Universities enroll fewer foreign students

The number of foreign students enrolled in American universities declined for the second consecutive year in 2004-05, according to a report published Monday by the Institute of International Education.

Total foreign student enrollment fell by 1.3 percent nationwide last year, while the number of foreign students at Yale decreased by 0.4 percent. Education experts attributed the national decline to the consistently increased difficulty of obtaining student visas since the Sept. 11, 2001 terrorist attacks, and to competition from foreign universities. But Yale Graduate School Dean Jon Butler said he is not worried about the decrease at Yale.

“A 0.4 percent variation in one year has no statistical significance,” Butler said.

The number of international students enrolled in graduate schools in the United Sates dropped by 3.6 percent nationwide, according to the IIE’s annual “Open Doors” report, and by 0.1 percent at Yale. The number of international undergraduates declined by 2.9 percent nationwide and by 0.2 percent at Yale. Enrollment of foreign students studying at American universities but not working towards a degree rose by 22.8 percent nationwide and dropped by 11 percent at Yale.

Stuart Heiser, public affairs manager at the Council of Graduate Schools, said recently enacted homeland security initiatives contributed to the nationwide decline.

“The level of foreign student enrollment had been increasing for decades and declined for the first time after visa policies were tightened in the wake of 9/11,” Heiser said.

Butler said fewer foreign students are applying to Yale because of difficulty obtaining visas, but this has not affected enrollment.

“Enrollment figures generally are still holding pretty steady,” Butler said.

Ankita Ritwik ’07, who is from Kuwait, said some students in her hometown had difficulty obtaining student visas.

“I know students who were randomly denied visas even though they had similar profiles to people who were granted visas,” Ritwik said. “One of my friends went to the U.K. for college instead of the U.S. because he didn’t want to deal with the problems of getting a visa.”

Daniel Obst, program manager for the Higher Education Resource Group at the IIE, said he thinks the decrease is partly due to economic development abroad and improvements in foreign universities.

“The cause for decline most often cited is the vigorous recruitment by institutions in other countries,” Obst said. “There are now more opportunities to get a fantastic education in China or India.”

There are currently 1,787 foreign students at Yale, accounting for 16 percent of all students at the University.

Yale has seen lower declines than schools nationwide because of its strong reputation abroad, Obst said.

“There is traditionally less flux in well-known, world-class institutions than other institutions,” he said. “There are a few institutions known around the world which are less susceptible to decline than other institutions.”

Alexandra Cavoulacos ’08, who was raised in Paris, said American universities must work to keep foreign students.

“It’s more interesting to take a class on a different part of the world if there are people from that part of the world in the class,” Cavoulacos said.
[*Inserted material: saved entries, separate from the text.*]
(* Let $J\in\mathcal{D}(X)$ and, for each $x\in X$, let $\bar U(x)\subset U(x)$ be such that $(\bar TJ)(x)\le J(x)$ for all $x\in X$, where $(\bar TJ')(x)=\inf_{u\in\bar U(x)}\{g(x,u)+J'(f(x,u))\}$ for $J'\in\mathcal{E}^+(X)$. Then $\bar TJ\in\mathcal{D}(X)$.
   Context: Setting: $X$ (state space) and $U$ (control space) are sets; for each $x\in X$, $U(x)\subset U$ is nonempty; $f:X\times U\to X$; the stage cost $g$ satisfies $0\le g(x,u)\le\infty$ for all $x\in X$, $u\in U(x)$. $\mathcal{E}^+(X)$ denotes the set of all functions $J:X\to[0,\infty]$. The Bellman operator is $(TJ)(x)=\inf_{u\in U(x)}\{g(x,u)+J(f(x,u))\}$. The region of decreasing is $\mathcal{D}(X)=\{J\in\mathcal{E}^+(X): (TJ)(x)\le J(x)\ \forall x\in X\}$. Standing assumption: for every $J\in\mathcal{E}^+(X)$ and every $x\in X$, the infimum defining $(TJ)(x)$ is attained. *)

theory Defs
  imports "HOL-Library.Extended_Nonnegative_Real"
begin

definition bellman :: "('x \<Rightarrow> 'u set) \<Rightarrow> ('x \<Rightarrow> 'u \<Rightarrow> ennreal) \<Rightarrow> ('x \<Rightarrow> 'u \<Rightarrow> 'x)
    \<Rightarrow> ('x \<Rightarrow> ennreal) \<Rightarrow> 'x \<Rightarrow> ennreal" where
  "bellman Uc g f J x = (INF u\<in>Uc x. g x u + J (f x u))"

definition region_dec :: "('x \<Rightarrow> 'u set) \<Rightarrow> ('x \<Rightarrow> 'u \<Rightarrow> ennreal) \<Rightarrow> ('x \<Rightarrow> 'u \<Rightarrow> 'x)
    \<Rightarrow> ('x \<Rightarrow> ennreal) set" where
  "region_dec Uc g f = {J. \<forall>x. bellman Uc g f J x \<le> J x}"

end

theory Submission
  imports Defs
begin

text \<open>Write \<open>T\<close> and \<open>T'\<close> for the Bellman operators with constraint sets \<open>U\<close> and
  \<open>Ubar \<subseteq> U\<close>. Since \<open>T\<close> is monotone in the cost-to-go and antitone in the constraint set,
  \<open>T' J \<le> J\<close> gives \<open>T (T' J) \<le> T J \<le> T' J\<close>.\<close>

lemma bellman_mono:
  assumes "\<And>y. J y \<le> J' y"
  shows "bellman Uc g f J x \<le> bellman Uc g f J' x"
  unfolding bellman_def by (rule INF_mono') (intro add_left_mono assms)

lemma bellman_antimono_controls:
  assumes "Ubar x \<subseteq> U x"
  shows "bellman U g f J x \<le> bellman Ubar g f J x"
  unfolding bellman_def by (rule INF_superset_mono[OF assms]) simp

theorem proposition7:
  fixes U :: "'x \<Rightarrow> 'u set" and Ubar :: "'x \<Rightarrow> 'u set"
    and g :: "'x \<Rightarrow> 'u \<Rightarrow> ennreal" and f :: "'x \<Rightarrow> 'u \<Rightarrow> 'x"
    and J :: "'x \<Rightarrow> ennreal"
  assumes U_ne: "\<And>x. U x \<noteq> {}"
    and attained: "\<And>J' x. \<exists>u\<in>U x. bellman U g f J' x = g x u + J' (f x u)"
    and J_dec: "J \<in> region_dec U g f"
    and Ubar_sub: "\<And>x. Ubar x \<subseteq> U x"
    and Ubar_dec: "\<And>x. bellman Ubar g f J x \<le> J x"
  shows "bellman Ubar g f J \<in> region_dec U g f"
  unfolding region_dec_def
proof (intro CollectI allI)
  fix x
  have "bellman U g f (bellman Ubar g f J) x \<le> bellman U g f J x"
    using Ubar_dec by (rule bellman_mono)
  also have "\<dots> \<le> bellman Ubar g f J x"
    using Ubar_sub by (rule bellman_antimono_controls)
  finally show "bellman U g f (bellman Ubar g f J) x \<le> bellman Ubar g f J x" .
qed

end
Foreign student enrollment nationwide fell by 2.4 percent during the 2003-04 academic year, but the number of international students at Yale increased by 0.2 percent that year. National figures had been increasing since the IIE first conducted the survey in 1954 and started decreasing in 2003-04, according to the report.

But Obst said he anticipates a smaller decline or possibly an increase in foreign student enrollments next year.

“Things are slowly but gradually leveling out,” Obst said. “We took an online survey of about 1,000 universities’ enrollments for fall 2005 which showed encouraging signs. The majority of institutions are showing increases in foreign student enrollment.”

Obst and Heiser said they expect a turnaround because of measures that have made it easier to obtain student visas and improvements made by American universities to the application process.